Cohn owns almost 23.4 million shares of ICBC valued at over $15 million. This investment is part of a 2006 investment made by Goldman Sachs Group Inc., and its private equity funds. This gave them access to millions of Chinese customers. Goldman held its position in ICBC for seven years and sold off its last block of investment in it in 2013.
Aside from this divestment plan, Cohn also wants to let go of his 872,712 Goldman Sachs Stock worth more than $216 million as well as investments in 18 other publicly traded shares and funds managed by Goldman Sachs. These other investments hold a total value of $5.1 million based on March 16, 2017, closing prices. Cohn has at least $1.1 million positions in cigarette makers Philip Morris International Inc., and Reynolds American Inc. He also has holdings in Microsoft Corp., Facebook Inc., and Twitter, Inc. as well as 9,174 shares in Bank of America Corp.

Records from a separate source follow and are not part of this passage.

(*
  Write W w (sigma) = sum of w(rho) over the k-subsets rho of sigma for a function w on k-subsets,
  and call w harmonic if its sums over the k-sets containing any given (k-1)-set vanish.
  For harmonic w, the sums of w over the k-sets meeting sigma in exactly j points are forced to be
  (-1)^(k-j) binom(k,j) W w (sigma); grouping the m-sets tau containing rho by |sigma \<inter> tau|
  then shows that W w is an eigenvector of B with eigenvalue lam_k.

  The vector pi(c_k) is a positive multiple of W w0, where w0 = sum of sgn(q) e_{q(R)} over the
  column group, R being the second row of T_k: the row group acts transitively on the m-sets
  containing R. A sign-reversing involution (swapping within a column) shows that w0 is harmonic,
  and W w0 is 1 at Omega.

  W is injective on harmonic vectors when m + k \<le> n, and the harmonic vectors are the kernel of a
  binom(n,k-1) x binom(n,k) matrix, so the lam_k-eigenspace has dimension at least
  binom(n,k) - binom(n,k-1) = f^(n-k,k). These lower bounds add up to binom(n,m) = dim M, so
  whenever lam_0, ..., lam_m are pairwise distinct -- a polynomial condition on b, satisfied by
  the weights of the Johnson graph -- every algebraic multiplicity equals f^(n-k,k).
*)
theory Submission
  imports Defs "Jordan_Normal_Form.Jordan_Normal_Form_Uniqueness" "Jordan_Normal_Form.Jordan_Normal_Form_Existence"
begin

section \<open>Counting subsets\<close>

lemma msubsets_iff: "\<sigma> \<in> msubsets n r \<longleftrightarrow> \<sigma> \<subseteq> {1..n} \<and> card \<sigma> = r"
  unfolding msubsets_def by simp

lemma finite_msubsets [simp]: "finite (msubsets n r)"
  unfolding msubsets_def by (rule finite_subset[of _ "Pow {1..n}"]) auto

lemma card_msubsets: "card (msubsets n r) = n choose r"
  unfolding msubsets_def using n_subsets[of "{1..n}" r] by simp

lemma msubsets_finite: "\<sigma> \<in> msubsets n r \<Longrightarrow> finite \<sigma>"
  unfolding msubsets_iff using finite_subset by blast

lemma sum_count_swap:
  fixes f :: "'b \<Rightarrow> 'c :: comm_semiring_1"
  assumes "finite A" "finite B"
  shows "(\<Sum>x\<in>A. sum f {y\<in>B. P x y}) = (\<Sum>y\<in>B. of_nat (card {x\<in>A. P x y}) * f y)"
proof -
  have "(\<Sum>x\<in>A. sum f {y\<in>B. P x y}) = (\<Sum>y\<in>B. \<Sum>x\<in>A. if P x y then f y else 0)"
    using assms by (simp add: sum.inter_filter sum.swap[of _ A])
  also have "\<dots> = (\<Sum>y\<in>B. of_nat (card {x\<in>A. P x y}) * f y)"
    using assms by (simp add: sum.inter_filter[symmetric])
  finally show ?thesis .
qed
lemma hard_map_Fmaps: "hard_map \<in> Fmaps n q"
  unfolding Fmaps_def
proof (intro CollectI ballI)
  fix y assume y: "y \<in> space q n"
  show "hard_map y \<in> space q n"
  proof (cases "\<exists>E\<in>half_subsets k. y \<in> box q n (b E) E")
    case True
    then obtain E where E: "E \<in> half_subsets k" and "y \<in> box q n (b E) E"
      by blast
    then have "hard_map y = box_map E y"
      by (rule hard_map_on_box)
    then show ?thesis
      using box_map_space[OF E y] by simp
  next
    case False
    then show ?thesis
      using y unfolding hard_map_def by simp
  qed
qed

lemma hard_map_nontrivial:
  assumes i: "i < n"
  shows "\<not> trivial_coord q n hard_map i"
proof -
  define E where "E = (if k \<le> i \<and> i < 2*k then {k..<2*k} else {0..<k})"
  have E: "E \<in> half_subsets k"
    unfolding E_def half_subsets_def by auto
  have "i \<in> E \<or> 2*k \<le> i"
    unfolding E_def by auto
  then have "hard_map (b E) ! i = Suc (b E ! i) mod q"
    using i hard_map_on_box[OF E centre_in_box[OF E]] by (auto simp: box_map_def)
  moreover have "b E ! i < q"
    using centre_space[OF E] i unfolding space_def by auto
  ultimately have "hard_map (b E) ! i \<noteq> b E ! i"
    using Suc_mod_neq two_le_q by simp
  then show ?thesis
    using centre_space[OF E] unfolding trivial_coord_def by blast
qed

lemma box_map_inj_on:
  assumes E: "E \<in> half_subsets k"
  shows "inj_on (box_map E) (box q n (b E) E)"
proof
  fix y y' assume y: "y \<in> box q n (b E) E" and y': "y' \<in> box q n (b E) E"
    and eq: "box_map E y = box_map E y'"
  show "y = y'"
  proof (rule nth_equalityI)
    show "length y = length y'"
      using y y' by (simp add: box_def space_def)
  next
    fix i assume "i < length y"
    then have i: "i < n"
      using y by (simp add: box_def space_def)
    show "y ! i = y' ! i"
    proof (cases "i \<in> E")
      case True
      then obtain c where c: "c \<in> {0..<2*k} - E" "pairing k E c = i"
        using pairing_bij[OF E] unfolding bij_betw_def by (metis imageE)
      then have "c < n"
        using two_k_le_n by simp
      then have "box_map E y ! c = y ! i" "box_map E y' ! c = y' ! i"
        using c by (simp_all add: box_map_def)
      then show ?thesis
        using eq by simp
    next
      case False
      then show ?thesis
        using i y y' by (simp add: box_def)
    qed
  qed
qed

lemma box_map_nth_outside_complement:
  assumes y: "y \<in> box q n (b E) E" and y': "y' \<in> box q n (b E) E"
    and i: "i < n" "i \<notin> {0..<2*k} - E"
  shows "box_map E y ! i = box_map E y' ! i"
  using assms by (auto simp: box_map_def box_def)

lemma padded_space: "y \<in> box q n x E \<Longrightarrow> y @ replicate k' 0 \<in> space q (n + k')"
  using box_subset_space append_zeros_space two_le_q by fastforce

lemma box_map_by_suffix:
  assumes seq: "sequentializes q (n + k') n f (u @ v) hard_map"
    and E: "E \<in> half_subsets k" and y: "y \<in> box q n (b E) E"
  shows "take n (upd_word f v (upd_word f u (y @ replicate k' 0))) = box_map E y"
proof -
  have "length y = n"
    using y by (simp add: box_def space_def)
  then have "take n (upd_word f (u @ v) (y @ replicate k' 0)) = hard_map y"
    using seq padded_space[OF y] unfolding sequentializes_def by auto
  then show ?thesis
    using hard_map_on_box[OF E y] by (simp add: upd_word_append)
qed

lemma prefix_state_take_eq:
  assumes seq: "sequentializes q (n + k') n f (u @ v) hard_map" and uv: "distinct (u @ v)"
    and E: "E \<in> half_subsets k" "E = set u \<inter> {0..<2*k}"
    and y: "y \<in> box q n (b E) E" and y': "y' \<in> box q n (b E) E"
  shows "take n (upd_word f u (y @ replicate k' 0)) = take n (upd_word f u (y' @ replicate k' 0))"
proof (rule nth_equalityI)
  have len: "length z = n" if "z \<in> box q n (b E) E" for z
    using that by (simp add: box_def space_def)
  show "length (take n (upd_word f u (y @ replicate k' 0))) = length (take n (upd_word f u (y' @ replicate k' 0)))"
    using len[OF y] len[OF y'] by simp
  fix i assume "i < length (take n (upd_word f u (y @ replicate k' 0)))"
  then have i: "i < n"
    using len[OF y] by simp
  show "take n (upd_word f u (y @ replicate k' 0)) ! i = take n (upd_word f u (y' @ replicate k' 0)) ! i"
  proof (cases "i \<in> set u")
    case True
    then have "i \<notin> set v"
      using uv by auto
    have "upd_word f u (z @ replicate k' 0) ! i = box_map E z ! i" if "z \<in> box q n (b E) E" for z
    proof -
      have "upd_word f u (z @ replicate k' 0) ! i = upd_word f v (upd_word f u (z @ replicate k' 0)) ! i"
        using \<open>i \<notin> set v\<close> by (simp add: upd_word_nth_notin)
      also have "\<dots> = box_map E z ! i"
        using box_map_by_suffix[OF seq E(1) that] i by (metis nth_take)
      finally show ?thesis .
    qed
    moreover have "box_map E y ! i = box_map E y' ! i"
      using True i y y' E(2) by (intro box_map_nth_outside_complement) auto
    ultimately show ?thesis
      using i y y' by simp
  next
    case False
    then have "upd_word f u (z @ replicate k' 0) ! i = b E ! i" if "z \<in> box q n (b E) E" for z
      using that i len[OF that] E(2) unfolding box_def by (simp add: upd_word_nth_notin nth_append)
    then show ?thesis
      using i y y' by simp
  qed
qed

lemma prefix_state_drop_inj_on:
  assumes seq: "sequentializes q (n + k') n f (u @ v) hard_map" and uv: "distinct (u @ v)"
    and E: "E \<in> half_subsets k" "E = set u \<inter> {0..<2*k}"
  shows "inj_on (\<lambda>y. drop n (upd_word f u (y @ replicate k' 0))) (box q n (b E) E)"
proof
  fix y y' assume y: "y \<in> box q n (b E) E" and y': "y' \<in> box q n (b E) E"
    and eq: "drop n (upd_word f u (y @ replicate k' 0)) = drop n (upd_word f u (y' @ replicate k' 0))"
  have "upd_word f u (y @ replicate k' 0) = upd_word f u (y' @ replicate k' 0)"
    using prefix_state_take_eq[OF seq uv E y y'] eq by (metis append_take_drop_id)
  then have "box_map E y = box_map E y'"
    using box_map_by_suffix[OF seq E(1) y] box_map_by_suffix[OF seq E(1) y'] by simp
  then show "y = y'"
    using box_map_inj_on[OF E(1)] y y' unfolding inj_on_def by blast
qed
(* Let $n\ge 2$. The function $\mathbf{H}:[0,1]^n\to[0,1]$ has no absorbing element, i.e. there is no $a\in[0,1]$ such that $\mathbf{H}(x_1,\dots,x_{i-1},a,x_{i+1},\dots,x_n)=a$ for every $i$ and all $x_j\in[0,1]$.
   Context: For $\mathbf{x}\in[0,1]^n$ let $x_{(1)}\ge\dots\ge x_{(n)}$ be its entries in decreasing order, and define the median $Med(\mathbf{x})=\frac12(x_{(k)}+x_{(k+1)})$ if $n=2k$ and $Med(\mathbf{x})=x_{(k+1)}$ if $n=2k+1$. Define $f_i(\mathbf{x})=\frac1n$ if $x_1=\dots=x_n$, and otherwise $f_i(\mathbf{x})=\frac{1}{n-1}\Big(1-\frac{|x_i-Med(\mathbf{x})|}{\sum_{j=1}^n|x_j-Med(\mathbf{x})|}\Big)$. Then $\mathbf{H}(\mathbf{x})=\sum_{i=1}^n f_i(\mathbf{x})\,x_i$. *)

theory Defs
  imports "HOL-Analysis.Analysis"
begin

(* A point x in [0,1]^n is represented as a function x :: nat => real, of which
   only the entries x 0, ..., x (n-1) are relevant (the paper's x_1,...,x_n). *)

definition ord_stat :: "nat \<Rightarrow> (nat \<Rightarrow> real) \<Rightarrow> nat \<Rightarrow> real" where
  "ord_stat n x j = rev (sort (map x [0..<n])) ! (j - 1)"

definition Med :: "nat \<Rightarrow> (nat \<Rightarrow> real) \<Rightarrow> real" where
  "Med n x = (if even n then (ord_stat n x (n div 2) + ord_stat n x (n div 2 + 1)) / 2
              else ord_stat n x (n div 2 + 1))"

definition f_weight :: "nat \<Rightarrow> (nat \<Rightarrow> real) \<Rightarrow> nat \<Rightarrow> real" where
  "f_weight n x i =
     (if (\<forall>j<n. \<forall>k<n. x j = x k) then 1 / real n
      else 1 / (real n - 1) *
        (1 - \<bar>x i - Med n x\<bar> / (\<Sum>j<n. \<bar>x j - Med n x\<bar>)))"

definition H :: "nat \<Rightarrow> (nat \<Rightarrow> real) \<Rightarrow> real" where
  "H n x = (\<Sum>i<n. f_weight n x i * x i)"

end

theory Submission
  imports Defs
begin

(* The weights f_i sum to 1, so for x = (a, b, ..., b) with b \<noteq> a we get
   H(x) - a = (1 - f_1(x)) (b - a), and a cannot be absorbing unless f_1(x) = 1.
   But f_1(x) \<le> 1/(n-1) < 1 for n \<ge> 3, while for n = 2 the median is the midpoint
   (x_1 + x_2)/2 \<noteq> x_1, which again forces f_1(x) < 1. *)

lemma nonconst_imp_two_le:
  fixes n :: nat
  assumes "\<not> (\<forall>j<n. \<forall>k<n. x j = x k)"
  shows "n \<ge> 2"
proof (rule ccontr)
  assume "\<not> n \<ge> 2"
  then have "\<forall>j<n. \<forall>k<n. j = k"
    by auto
  with assms show False
    by auto
qed

lemma sum_abs_dev_pos:
  fixes x :: "nat \<Rightarrow> real"
  assumes "\<not> (\<forall>j<n. \<forall>k<n. x j = x k)"
  shows "(\<Sum>j<n. \<bar>x j - c\<bar>) > 0"
proof -
  obtain j where "j < n" "x j \<noteq> c"
    using assms by metis
  then show ?thesis
    by (intro sum_pos2[of _ j]) auto
qed

lemma sum_f_weight:
  assumes "n \<ge> 1"
  shows "(\<Sum>i<n. f_weight n x i) = 1"
proof (cases "\<forall>j<n. \<forall>k<n. x j = x k")
  case True
  then show ?thesis
    unfolding f_weight_def if_P[OF True] using assms by simp
next
  case False
  define S where "S = (\<Sum>j<n. \<bar>x j - Med n x\<bar>)"
  have "S > 0"
    using sum_abs_dev_pos[OF False] by (simp add: S_def)
  have "n \<ge> 2"
    using nonconst_imp_two_le[OF False] .
  have "(\<Sum>i<n. f_weight n x i) = 1 / (real n - 1) * (\<Sum>i<n. 1 - \<bar>x i - Med n x\<bar> / S)"
    unfolding f_weight_def if_not_P[OF False] by (simp add: S_def sum_distrib_left)
  also have "\<dots> = 1 / (real n - 1) * (real n - S / S)"
    by (simp add: sum_subtractf sum_divide_distrib[symmetric] S_def)
  also have "\<dots> = 1"
    using \<open>S > 0\<close> \<open>n \<ge> 2\<close> by simp
  finally show ?thesis .
qed

lemma H_minus_eq_sum:
  assumes "n \<ge> 1"
  shows "H n x - c = (\<Sum>i<n. f_weight n x i * (x i - c))"
proof -
  have "H n x - c = (\<Sum>i<n. f_weight n x i * x i) - (\<Sum>i<n. f_weight n x i) * c"
    using sum_f_weight[OF assms] by (simp add: H_def)
  then show ?thesis
    by (simp add: sum_distrib_right sum_subtractf right_diff_distrib)
qed

lemma H_fun_upd_const:
  assumes "n \<ge> 1"
  shows "H n ((\<lambda>_. b)(0 := a)) - a = (1 - f_weight n ((\<lambda>_. b)(0 := a)) 0) * (b - a)"
proof -
  define y where "y = (\<lambda>_::nat. b)(0 := a)"
  have "H n y - a = (\<Sum>i<n. f_weight n y i * (y i - a))"
    using H_minus_eq_sum[OF assms] .
  also have "\<dots> = (\<Sum>i<n. f_weight n y i * (b - a) - (if i = 0 then f_weight n y i * (b - a) else 0))"
    by (rule sum.cong) (auto simp: y_def)
  also have "\<dots> = (\<Sum>i<n. f_weight n y i * (b - a)) - f_weight n y 0 * (b - a)"
    using assms by (simp add: sum_subtractf)
  also have "\<dots> = (1 - f_weight n y 0) * (b - a)"
    using sum_f_weight[OF assms] by (simp add: sum_distrib_right[symmetric] left_diff_distrib)
  finally show ?thesis
    by (simp add: y_def)
qed

lemma f_weight_le:
  assumes "\<not> (\<forall>j<n. \<forall>k<n. x j = x k)"
  shows "f_weight n x i \<le> 1 / (real n - 1)"
proof -
  have "n \<ge> 2"
    using nonconst_imp_two_le[OF assms] .
  moreover have "\<bar>x i - Med n x\<bar> / (\<Sum>j<n. \<bar>x j - Med n x\<bar>) \<ge> 0"
    by (simp add: sum_nonneg)
  ultimately show ?thesis
    unfolding f_weight_def if_not_P[OF assms] by (intro mult_left_le) auto
qed

lemma Med_two: "Med 2 x = (x 0 + x 1) / 2"
  by (cases "x 0 \<le> x 1") (auto simp: Med_def ord_stat_def upt_rec)

lemma f_weight_lt_one:
  assumes "n \<ge> 2" and "x 0 \<noteq> x 1"
  shows "f_weight n x 0 < 1"
proof -
  have "0 < n" "1 < n"
    using assms(1) by auto
  then have nonconst: "\<not> (\<forall>j<n. \<forall>k<n. x j = x k)"
    using assms(2) by blast
  show ?thesis
  proof (cases "n = 2")
    case True
    have "\<bar>x 0 - Med 2 x\<bar> > 0"
      using assms(2) by (simp add: Med_two)
    then show ?thesis
      using True nonconst sum_abs_dev_pos[OF nonconst] by (simp add: f_weight_def)
  next
    case False
    then have "1 / (real n - 1) < 1"
      using assms(1) by simp
    then show ?thesis
      using f_weight_le[OF nonconst] by (meson le_less_trans)
  qed
qed

theorem proposition13:
  fixes n :: nat
  assumes "n \<ge> 2"
  shows "\<not> (\<exists>a::real. a \<in> {0..1} \<and>
            (\<forall>i<n. \<forall>x::nat \<Rightarrow> real. (\<forall>j<n. x j \<in> {0..1}) \<longrightarrow>
               H n (x(i := a)) = a))"
proof
  assume "\<exists>a::real. a \<in> {0..1} \<and>
            (\<forall>i<n. \<forall>x::nat \<Rightarrow> real. (\<forall>j<n. x j \<in> {0..1}) \<longrightarrow>
               H n (x(i := a)) = a)"
  then obtain a :: real where absorbing: "\<forall>i<n. \<forall>x::nat \<Rightarrow> real. (\<forall>j<n. x j \<in> {0..1}) \<longrightarrow>
               H n (x(i := a)) = a"
    by blast
  define b :: real where "b = (if a = 0 then 1 else 0)"
  have "b \<in> {0..1}" "b \<noteq> a"
    by (auto simp: b_def)
  then have "H n ((\<lambda>_. b)(0 := a)) = a"
    using absorbing[rule_format, of 0 "\<lambda>_. b"] assms by simp
  moreover have "f_weight n ((\<lambda>_. b)(0 := a)) 0 < 1"
    using f_weight_lt_one[OF assms] \<open>b \<noteq> a\<close> by simp
  ultimately show False
    using H_fun_upd_const[of n b a] assms \<open>b \<noteq> a\<close> by simp
qed

end
locale fuzzy_did = prob_space M for M :: "'a measure" +
  fixes Y0 Y1 V :: "'a \<Rightarrow> real" and G T :: "'a \<Rightarrow> bool" and v :: "bool \<Rightarrow> bool \<Rightarrow> real"
  assumes measurable_G: "G \<in> measurable M (count_space UNIV)"
    and measurable_T: "T \<in> measurable M (count_space UNIV)"
    and measurable_V: "V \<in> borel_measurable M"
    and integrable_Y0: "integrable M Y0"
    and integrable_Y1: "integrable M Y1"
    and cell_pos: "\<And>g t. measure M (ev M (\<lambda>x. G x = g \<and> T x = t)) > 0"
    and V_indep_T_given_G: "\<And>g t B. B \<in> sets borel \<Longrightarrow>
        measure M (ev M (\<lambda>x. V x \<in> B \<and> T x = t \<and> G x = g)) * measure M (ev M (\<lambda>x. G x = g))
        = measure M (ev M (\<lambda>x. V x \<in> B \<and> G x = g)) * measure M (ev M (\<lambda>x. T x = t \<and> G x = g))"
begin

declare measurable_G [measurable] measurable_T [measurable] measurable_V [measurable]

abbreviation effect :: "'a \<Rightarrow> real" where
  "effect x \<equiv> Y1 x - Y0 x"

definition cell :: "bool \<Rightarrow> bool \<Rightarrow> 'a set" where
  "cell g t = ev M (\<lambda>x. G x = g \<and> T x = t)"

definition upper :: "bool \<Rightarrow> bool \<Rightarrow> real \<Rightarrow> 'a set" where
  "upper g t c = ev M (\<lambda>x. G x = g \<and> T x = t \<and> c \<le> V x)"

text \<open>For \<open>a = v g False\<close> and \<open>b = v g True\<close> these are the switchers \<open>D(0) \<noteq> D(1)\<close> of the cell.\<close>
definition crossing :: "bool \<Rightarrow> bool \<Rightarrow> real \<Rightarrow> real \<Rightarrow> 'a set" where
  "crossing g t a b = ev M (\<lambda>x. G x = g \<and> T x = t \<and> (a \<le> V x) \<noteq> (b \<le> V x))"

lemma sets_cell [measurable]: "cell g t \<in> sets M"
  unfolding cell_def ev_def by measurable

lemma sets_upper [measurable]: "upper g t c \<in> sets M"
  unfolding upper_def ev_def by measurable

lemma crossing_eq_Diff_Un: "crossing g t a b = (upper g t a - upper g t b) \<union> (upper g t b - upper g t a)"
  unfolding crossing_def upper_def ev_def by auto

lemma sets_crossing [measurable]: "crossing g t a b \<in> sets M"
  unfolding crossing_eq_Diff_Un by (intro sets.Un sets.Diff sets_upper)

lemma integrable_effect: "integrable M effect"
  using integrable_Y0 integrable_Y1 by simp

lemma measure_cell_pos: "measure M (cell g t) > 0"
  using cell_pos by (simp add: cell_def)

Cohn will also be able to defer in paying any capital gains taxes from the sale of these shares. Government officials are allowed to defer payment of capital gains taxes as long as they reinvest the proceeds of the sale in any government-approved mutual fund or government securities.
Cohn served as President of Goldman Sachs for a decade and has a net worth of about $600 million. He was once considered to be the heir-apparent to Goldman Sachs CEO Lloyd Blankfein.
ICBC is expected to negotiate its lease at Trump Tower in Manhattan. It is Trump’s Tower largest office tenant. Ethics experts this arrangement is against the constitution because the bank is state-owned. The law also forbids U.S. government officials from accepting gifts and payments from governments.
Richard Painter who was an ethics lawyer during the administration of President George W. Bush said, “If we get into a big spat with China, it is obviously going to have an effect on that bank economically. There is no way you should be a senior adviser on an economic or military policy and have a big stake in a Chinese bank. That’s an invitation for trouble.”
When former Goldman chief executive Henry M. Paulson Jr. became treasury secretary in 2006, he also had to sell is ICBC position worth at least $25 million.
Donald Trump is set to meet China’s President, Xi Jinping next month where they will likely discuss trade policy as well as territorial rights disputes in the South China Sea.